Carroll and Schneider have said multiple times this offseason they believe their renewed emphasis on drafting players with high character and strong backgrounds is why the Seahawks’ 2022 rookie class was so splendid. Five draft picks became instant starters last season, including rookie Pro Bowl cornerback Tariq Woolen and bookend offensive tackles Charles Cross and Abe Lucas.

Now they are considering Carter.

Many believe he is the most skilled player and accomplished prospect in this draft. After Carter dominated the mighty Southeastern Conference and led Georgia to winning the national championship in January, many believed he would be the first-overall pick April 27.

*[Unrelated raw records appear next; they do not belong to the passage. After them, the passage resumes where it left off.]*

lemma meeting_words_corner_gap_le:
  fixes a :: "real ^ 'n"
  assumes max: "\<And>j. \<bar>a $ j\<bar> \<le> \<bar>a $ i\<bar>" and "a $ i \<noteq> 0"
    and w: "w \<in> meeting_words {y. a \<bullet> y = b} n" and w': "w' \<in> meeting_words {y. a \<bullet> y = b} n"
    and erase: "erase_coord i w = erase_coord i w'"
  shows "\<bar>hword w 0 $ i - hword w' 0 $ i\<bar> \<le> 3 * real CARD('n) * (1/3) ^ n"
proof -
  have meets: "\<exists>u \<in> unit_cube. hword v u \<in> open_nbhd {y. a \<bullet> y = b} ((1/3) ^ n)"
    if "v \<in> meeting_words {y. a \<bullet> y = b} n" for v
    using that by (auto simp: meeting_words_def)
  obtain u u' where "u \<in> unit_cube" "u' \<in> unit_cube"
    and near: "hword w u \<in> open_nbhd {y. a \<bullet> y = b} ((1/3) ^ n)"
      "hword w' u' \<in> open_nbhd {y. a \<bullet> y = b} ((1/3) ^ n)"
    using meets[OF w] meets[OF w'] by blast
  have "length w = n" "length w' = n"
    using w w' by (auto simp: meeting_words_def words_def)
  with near show ?thesis
    by (intro cube_corner_gap_le[OF max \<open>a $ i \<noteq> 0\<close> erase_coord_eq_imp_corner_eq[OF erase]
          \<open>u \<in> unit_cube\<close> \<open>u' \<in> unit_cube\<close>])
      (simp_all add: hword_eq_scale_plus_corner[of w u] hword_eq_scale_plus_corner[of w' u'])
qed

Georgia defensive lineman Jalen Carter reaches for a ball in the second half of Georgia’s spring game, Saturday, April 16, 2022, in Athens. The Seahawks were reportedly hosting Carter for a visit before the 2023 NFL draft.
Georgia defensive lineman Jalen Carter reaches for a ball in the second half of Georgia’s spring game, Saturday, April 16, 2022, in Athens. The Seahawks were reportedly hosting Carter for a visit before the 2023 NFL draft.

But then Carter was implicated in incidents that allegedly led to a single-car crash Jan. 15 that killed University of Georgia offensive lineman Devin Willock and recruiting staff member Chandler LeCroy. A warrant for his arrest in Athens, Georgia, forced Carter to briefly leave the scouting combine in Indianapolis in early March, to turn himself in. Carter eventually pleaded no contest to misdemeanor charges of reckless driving and racing.

Athens-Clarke County Municipal Court sentenced him to 12 months of probation, a $1,000 fine and a mandate of 50 hours of community service, among other stipulations.

Police alleged in an arrest warrant Carter was racing his 2021 Jeep Trackhawk against the 2021 Ford Expedition driven by LeCroy at the time of the crash. Willock was a passenger in the SUV LeCroy was driving.

Some teams have reportedly dropped Carter off their draft boards entirely.

Not Seattle. That’s not Schneider’s and Carroll’s way.

Not anymore.

In 2012, two years into his and Carroll’s tenure of running the Seahawks, Schneider declared, “we would never take a player that struck a female or had a domestic violence dispute like that.”

Three years later they made Frank Clark Seattle’s first pick of the 2015 draft. That was months after Clark got kicked off the University of Michigan team following his charge and arrest for assaulting his girlfriend at a hotel in Ohio. The prosecuting attorney in Sandusky, Ohio, eventually agreed to reduce the charge through a plea bargain to disorderly conduct, a fourth-degree misdemeanor.

Clark has become a three-time Pro Bowl pass rusher and two-time Super Bowl champion with Kansas City. The Seahawks traded Clark to the Chiefs in 2019. Now 29 and an unsigned free agent, Clark has earned more than $80 million in his NFL career Schneider and Carroll created.

Wednesday, a week after hosting Carter on a pre-draft visit, how has Schneider changed in how he evaluates players with so-called “character issues” leading up to a draft?

“I think every situation’s completely different,” Schneider said. “We learned early on — or I did, I don’t want to speak for Pete — but I learned early on you can never say ‘Look, this is the way it is, and that’s how we are going to move forward.’

“I think you can back yourself into a corner.”